Being sent somewhere to to tell our story is easy. Being sent to live a life dependent on God, to be stripped of all our identities, comfort, power and influence; that’s mission. We are looking not to interrupt our lives with acts of service but to find that our life with God is a perpetual life of servanthood to God, with God and by God. (page 181)
The Church needs to recapture a vision for a shared life, bound together by a shared narrative, shared principles and shared practices. (page 177)
We wholeheartedly agree that “this living out of discipleship in a community distinct by its core will draw others towards the Church” (page 180). At the moment, we are wrestling with what this means in practice.
During the pandemic lockdown we have attempted monastic rhythms within our large vicarage household. We have stumbled in our little community as I’m sure many communities have struggled. Yet we are more convinced than ever that a more monastic mode of life is a vital part of bridging the gospel into upcoming generations. In the midst of our experiment, Lunn’s book is a resource as it gives words to the questions we were asking, but not voicing: As our context turned us inwards into introspection, we were encouraged to realise that “…as we seek a theological framework for the sustainable life of community, we must start with our shared, a-contextual story” (Page 57). We remembered to worship. Surrounded by the expectation to do and perform, we became grounded in the monastic balance of “the prayerful and devoted… and the more overtly missional, serving mendicant” (page 62).
As we come out of pandemic into the season ahead, we ponder, with Lunn, a crucial question: “Could an Anglican parish church reate and adopt a Rule of Life? I, myself, have asked the same question and came to the conclusion: no” (page 200) His answer looks to the incompatibility of statutory responsibilities and the devoted way of life.
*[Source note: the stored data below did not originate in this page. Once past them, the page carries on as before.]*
(* Let $\phi$ be an embedding of the complete bipartite graph $K_{m,n}$ into a projective plane $\pi$. Then the set of complement lines of $\phi$ is disjoint from the set of lines onto which the edges of $K_{m,n}$ are mapped.
   Context: A finite projective plane: points and lines such that any two distinct points lie on a unique line and any two distinct lines meet in a unique point (with standard nondegeneracy). An embedding of a simple graph $G=(V,E)$ into $\pi$ is an injective map $\phi$ from $V$ to the points of $\pi$ such that the induced map $\overline{\phi}$ sending an edge $ab$ to the line through $\phi(a),\phi(b)$ is injective on $E$; the lines $\overline{\phi}(E)$ are the embedded edges. A complement line of the embedding $\phi$ is a line through $\phi(v)$ and $\phi(w)$ for distinct vertices $v,w$ of $G$ with $vw\notin E$. *)

theory Defs
  imports Main
begin

definition collinear :: "'p set \<Rightarrow> 'l set \<Rightarrow> ('p \<Rightarrow> 'l \<Rightarrow> bool) \<Rightarrow> 'p set \<Rightarrow> bool" where
  "collinear P L I S \<longleftrightarrow> (\<exists>l\<in>L. \<forall>p\<in>S. I p l)"

definition projective_plane :: "'p set \<Rightarrow> 'l set \<Rightarrow> ('p \<Rightarrow> 'l \<Rightarrow> bool) \<Rightarrow> bool" where
  "projective_plane P L I \<longleftrightarrow>
     (\<forall>p\<in>P. \<forall>q\<in>P. p \<noteq> q \<longrightarrow> (\<exists>!l. l \<in> L \<and> I p l \<and> I q l)) \<and>
     (\<forall>l\<in>L. \<forall>m\<in>L. l \<noteq> m \<longrightarrow> (\<exists>!p. p \<in> P \<and> I p l \<and> I p m)) \<and>
     (\<exists>a\<in>P. \<exists>b\<in>P. \<exists>c\<in>P. \<exists>d\<in>P. card {a, b, c, d} = 4 \<and>
        (\<forall>S\<subseteq>{a, b, c, d}. card S = 3 \<longrightarrow> \<not> collinear P L I S))"

definition finite_projective_plane :: "'p set \<Rightarrow> 'l set \<Rightarrow> ('p \<Rightarrow> 'l \<Rightarrow> bool) \<Rightarrow> bool" where
  "finite_projective_plane P L I \<longleftrightarrow> projective_plane P L I \<and> finite P \<and> finite L"

definition line_through :: "'p set \<Rightarrow> 'l set \<Rightarrow> ('p \<Rightarrow> 'l \<Rightarrow> bool) \<Rightarrow> 'p \<Rightarrow> 'p \<Rightarrow> 'l" where
  "line_through P L I p q = (THE l. l \<in> L \<and> I p l \<and> I q l)"

definition simple_graph :: "'v set \<Rightarrow> 'v set set \<Rightarrow> bool" where
  "simple_graph V E \<longleftrightarrow> (\<forall>e\<in>E. \<exists>a b. a \<in> V \<and> b \<in> V \<and> a \<noteq> b \<and> e = {a, b})"

definition edge_line :: "'p set \<Rightarrow> 'l set \<Rightarrow> ('p \<Rightarrow> 'l \<Rightarrow> bool) \<Rightarrow> ('v \<Rightarrow> 'p) \<Rightarrow> 'v set \<Rightarrow> 'l" where
  "edge_line P L I \<phi> e = (THE l. l \<in> L \<and> (\<forall>v\<in>e. I (\<phi> v) l))"

definition embedding ::
  "'p set \<Rightarrow> 'l set \<Rightarrow> ('p \<Rightarrow> 'l \<Rightarrow> bool) \<Rightarrow> 'v set \<Rightarrow> 'v set set \<Rightarrow> ('v \<Rightarrow> 'p) \<Rightarrow> bool" where
  "embedding P L I V E \<phi> \<longleftrightarrow> \<phi> ` V \<subseteq> P \<and> inj_on \<phi> V \<and> inj_on (edge_line P L I \<phi>) E"

definition embedded_edges ::
  "'p set \<Rightarrow> 'l set \<Rightarrow> ('p \<Rightarrow> 'l \<Rightarrow> bool) \<Rightarrow> 'v set set \<Rightarrow> ('v \<Rightarrow> 'p) \<Rightarrow> 'l set" where
  "embedded_edges P L I E \<phi> = edge_line P L I \<phi> ` E"

definition complement_lines ::
  "'p set \<Rightarrow> 'l set \<Rightarrow> ('p \<Rightarrow> 'l \<Rightarrow> bool) \<Rightarrow> 'v set \<Rightarrow> 'v set set \<Rightarrow> ('v \<Rightarrow> 'p) \<Rightarrow> 'l set" where
  "complement_lines P L I V E \<phi> =
     {line_through P L I (\<phi> v) (\<phi> w) | v w. v \<in> V \<and> w \<in> V \<and> v \<noteq> w \<and> {v, w} \<notin> E}"

definition Kmn_V :: "nat \<Rightarrow> nat \<Rightarrow> (nat + nat) set" where
  "Kmn_V m n = Inl ` {..<m} \<union> Inr ` {..<n}"

definition Kmn_E :: "nat \<Rightarrow> nat \<Rightarrow> (nat + nat) set set" where
  "Kmn_E m n = {{Inl i, Inr j} | i j. i < m \<and> j < n}"

end

theory Submission
  imports Defs
begin

text \<open>A non-edge of K_{m,n} joins two vertices on the same side, say \<open>Inl i\<close> and \<open>Inl i'\<close>.
  If its line were also the line of an edge \<open>{Inl a, Inr b}\<close>, then some \<open>Inl c\<close> with
  \<open>c \<noteq> a\<close> lies on that line, so the distinct edges \<open>{Inl c, Inr b}\<close> and \<open>{Inl a, Inr b}\<close>
  would be mapped to the same line, contradicting injectivity of the embedding on edges.\<close>

lemma projective_plane_line_unique:
  assumes "projective_plane P L I" "p \<in> P" "q \<in> P" "p \<noteq> q"
  shows "\<exists>!l. l \<in> L \<and> I p l \<and> I q l"
proof -
  have "\<forall>p\<in>P. \<forall>q\<in>P. p \<noteq> q \<longrightarrow> (\<exists>!l. l \<in> L \<and> I p l \<and> I q l)"
    using assms(1) unfolding projective_plane_def by (elim conjE)
  then show ?thesis using assms(2-4) by blast
qed

lemma line_through:
  assumes "projective_plane P L I" "p \<in> P" "q \<in> P" "p \<noteq> q"
  shows "line_through P L I p q \<in> L" "I p (line_through P L I p q)" "I q (line_through P L I p q)"
  using theI'[OF projective_plane_line_unique[OF assms]] unfolding line_through_def by simp_all

lemma line_through_unique:
  assumes "projective_plane P L I" "p \<in> P" "q \<in> P" "p \<noteq> q"
    and "l \<in> L" "I p l" "I q l"
  shows "line_through P L I p q = l"
  unfolding line_through_def
  using the1_equality[OF projective_plane_line_unique[OF assms(1-4)]] assms(5-7) by simp

lemma edge_line_doubleton:
  assumes "projective_plane P L I" "\<phi> x \<in> P" "\<phi> y \<in> P" "\<phi> x \<noteq> \<phi> y"
  shows "edge_line P L I \<phi> {x, y} = line_through P L I (\<phi> x) (\<phi> y)"
  unfolding edge_line_def
proof (rule the_equality)
  show "line_through P L I (\<phi> x) (\<phi> y) \<in> L \<and> (\<forall>v\<in>{x, y}. I (\<phi> v) (line_through P L I (\<phi> x) (\<phi> y)))"
    using line_through[OF assms] by simp
next
  fix l assume "l \<in> L \<and> (\<forall>v\<in>{x, y}. I (\<phi> v) l)"
  then show "l = line_through P L I (\<phi> x) (\<phi> y)"
    using line_through_unique[OF assms] by (simp add: eq_commute)
qed

lemma embedding_edge_line_neighbour:
  assumes pp: "projective_plane P L I" and emb: "embedding P L I V E \<phi>"
    and edges: "{a, b} \<in> E" "{c, b} \<in> E"
    and in_V: "a \<in> V" "b \<in> V" "c \<in> V" and "a \<noteq> b" "c \<noteq> b"
    and incident: "I (\<phi> c) (edge_line P L I \<phi> {a, b})"
  shows "c = a"
proof -
  have in_P: "\<phi> a \<in> P" "\<phi> b \<in> P" "\<phi> c \<in> P" and inj: "inj_on \<phi> V"
    and inj_edges: "inj_on (edge_line P L I \<phi>) E"
    using emb in_V unfolding embedding_def by auto
  have "\<phi> a \<noteq> \<phi> b" "\<phi> c \<noteq> \<phi> b"
    using inj in_V \<open>a \<noteq> b\<close> \<open>c \<noteq> b\<close> by (metis inj_on_def)+
  define l where "l = edge_line P L I \<phi> {a, b}"
  have l: "l \<in> L" "I (\<phi> b) l"
    using line_through[OF pp in_P(1,2) \<open>\<phi> a \<noteq> \<phi> b\<close>]
      edge_line_doubleton[of P L I \<phi> a b, OF pp in_P(1,2) \<open>\<phi> a \<noteq> \<phi> b\<close>] unfolding l_def by simp_all
  have "edge_line P L I \<phi> {c, b} = line_through P L I (\<phi> c) (\<phi> b)"
    using edge_line_doubleton[of P L I \<phi> c b, OF pp in_P(3,2) \<open>\<phi> c \<noteq> \<phi> b\<close>] .
  also have "\<dots> = l"
    using line_through_unique[OF pp in_P(3,2) \<open>\<phi> c \<noteq> \<phi> b\<close> l(1) _ l(2)] incident
    unfolding l_def .
  finally have "edge_line P L I \<phi> {c, b} = edge_line P L I \<phi> {a, b}"
    unfolding l_def .
  then have "{c, b} = {a, b}"
    by (rule inj_onD[OF inj_edges _ edges(2,1)])
  then show ?thesis
    using \<open>c \<noteq> b\<close> by (metis doubleton_eq_iff)
qed

lemma Kmn_non_edge [consumes 3, case_names left right]:
  assumes "v \<in> Kmn_V m n" "w \<in> Kmn_V m n" "{v, w} \<notin> Kmn_E m n"
  obtains i i' where "v = Inl i" "w = Inl i'" "i < m" "i' < m"
    | j j' where "v = Inr j" "w = Inr j'" "j < n" "j' < n"
  using assms unfolding Kmn_V_def Kmn_E_def by (auto simp: insert_commute)

lemma Kmn_edge_line_meets_sides_once:
  assumes pp: "projective_plane P L I" and emb: "embedding P L I (Kmn_V m n) (Kmn_E m n) \<phi>"
    and ab: "a < m" "b < n"
  shows "\<And>c. c < m \<Longrightarrow> I (\<phi> (Inl c)) (edge_line P L I \<phi> {Inl a, Inr b}) \<Longrightarrow> c = a"
    and "\<And>d. d < n \<Longrightarrow> I (\<phi> (Inr d)) (edge_line P L I \<phi> {Inl a, Inr b}) \<Longrightarrow> d = b"
proof -
  have edge: "\<And>i j. i < m \<Longrightarrow> j < n \<Longrightarrow> {Inl i, Inr j} \<in> Kmn_E m n"
    and vert: "\<And>i. i < m \<Longrightarrow> Inl i \<in> Kmn_V m n" "\<And>j. j < n \<Longrightarrow> Inr j \<in> Kmn_V m n"
    unfolding Kmn_E_def Kmn_V_def by auto
  note neighbour = embedding_edge_line_neighbour[OF pp emb]
  show "c = a" if "c < m" "I (\<phi> (Inl c)) (edge_line P L I \<phi> {Inl a, Inr b})" for c
    using neighbour[OF edge[OF ab] edge[OF that(1) ab(2)] vert(1)[OF ab(1)] vert(2)[OF ab(2)]
        vert(1)[OF that(1)]] that(2) by simp
  show "d = b" if "d < n" "I (\<phi> (Inr d)) (edge_line P L I \<phi> {Inl a, Inr b})" for d
    using neighbour[of "Inr b" "Inl a" "Inr d"] edge[OF ab] edge[OF ab(1) that(1)]
      vert(1)[OF ab(1)] vert(2)[OF ab(2)] vert(2)[OF that(1)] that(2) by (simp add: insert_commute)
qed

theorem lemma3p7:
  fixes P :: "'p set" and L :: "'l set" and I :: "'p \<Rightarrow> 'l \<Rightarrow> bool"
    and m n :: nat and \<phi> :: "nat + nat \<Rightarrow> 'p"
  assumes "finite_projective_plane P L I"
    and "embedding P L I (Kmn_V m n) (Kmn_E m n) \<phi>"
  shows "complement_lines P L I (Kmn_V m n) (Kmn_E m n) \<phi>
           \<inter> embedded_edges P L I (Kmn_E m n) \<phi> = {}"
proof (rule ccontr)
  have pp: "projective_plane P L I"
    using assms(1) unfolding finite_projective_plane_def by simp
  assume "complement_lines P L I (Kmn_V m n) (Kmn_E m n) \<phi> \<inter> embedded_edges P L I (Kmn_E m n) \<phi> \<noteq> {}"
  then obtain v w a b where vw: "v \<in> Kmn_V m n" "w \<in> Kmn_V m n" "v \<noteq> w" "{v, w} \<notin> Kmn_E m n"
    and ab: "a < m" "b < n"
    and l: "line_through P L I (\<phi> v) (\<phi> w) = edge_line P L I \<phi> {Inl a, Inr b}"
    unfolding complement_lines_def embedded_edges_def Kmn_E_def by blast
  have "\<phi> v \<in> P" "\<phi> w \<in> P" "\<phi> v \<noteq> \<phi> w"
    using assms(2) vw unfolding embedding_def inj_on_def by auto
  then have on_l: "I (\<phi> v) (edge_line P L I \<phi> {Inl a, Inr b})" "I (\<phi> w) (edge_line P L I \<phi> {Inl a, Inr b})"
    using line_through[OF pp] l by metis+
  note once = Kmn_edge_line_meets_sides_once[OF pp assms(2) ab]
  from vw(1,2,4) have "v = w"
  proof (cases rule: Kmn_non_edge)
    case (left i i')
    then show "v = w" using once(1)[of i] once(1)[of i'] on_l by simp
  next
    case (right j j')
    then show "v = w" using once(2)[of j] once(2)[of j'] on_l by simp
  qed
  with vw(3) show False by contradiction
qed

end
I think I agree. In the pandemic lockdown, much of the parochial responsibilities were suspended, and we could operate more monastically. Now we are coming back out, the creative collisions resurface. An Anglican parish, as an ecclesiastical unit, is barely fit for purpose as an expression of ecclesiological reality. Yet it can, I think, offer a place of harmony: A village around the monastery, the community around the community, intertwined, served and blessed.
The collisions will continue. But so will the creativity.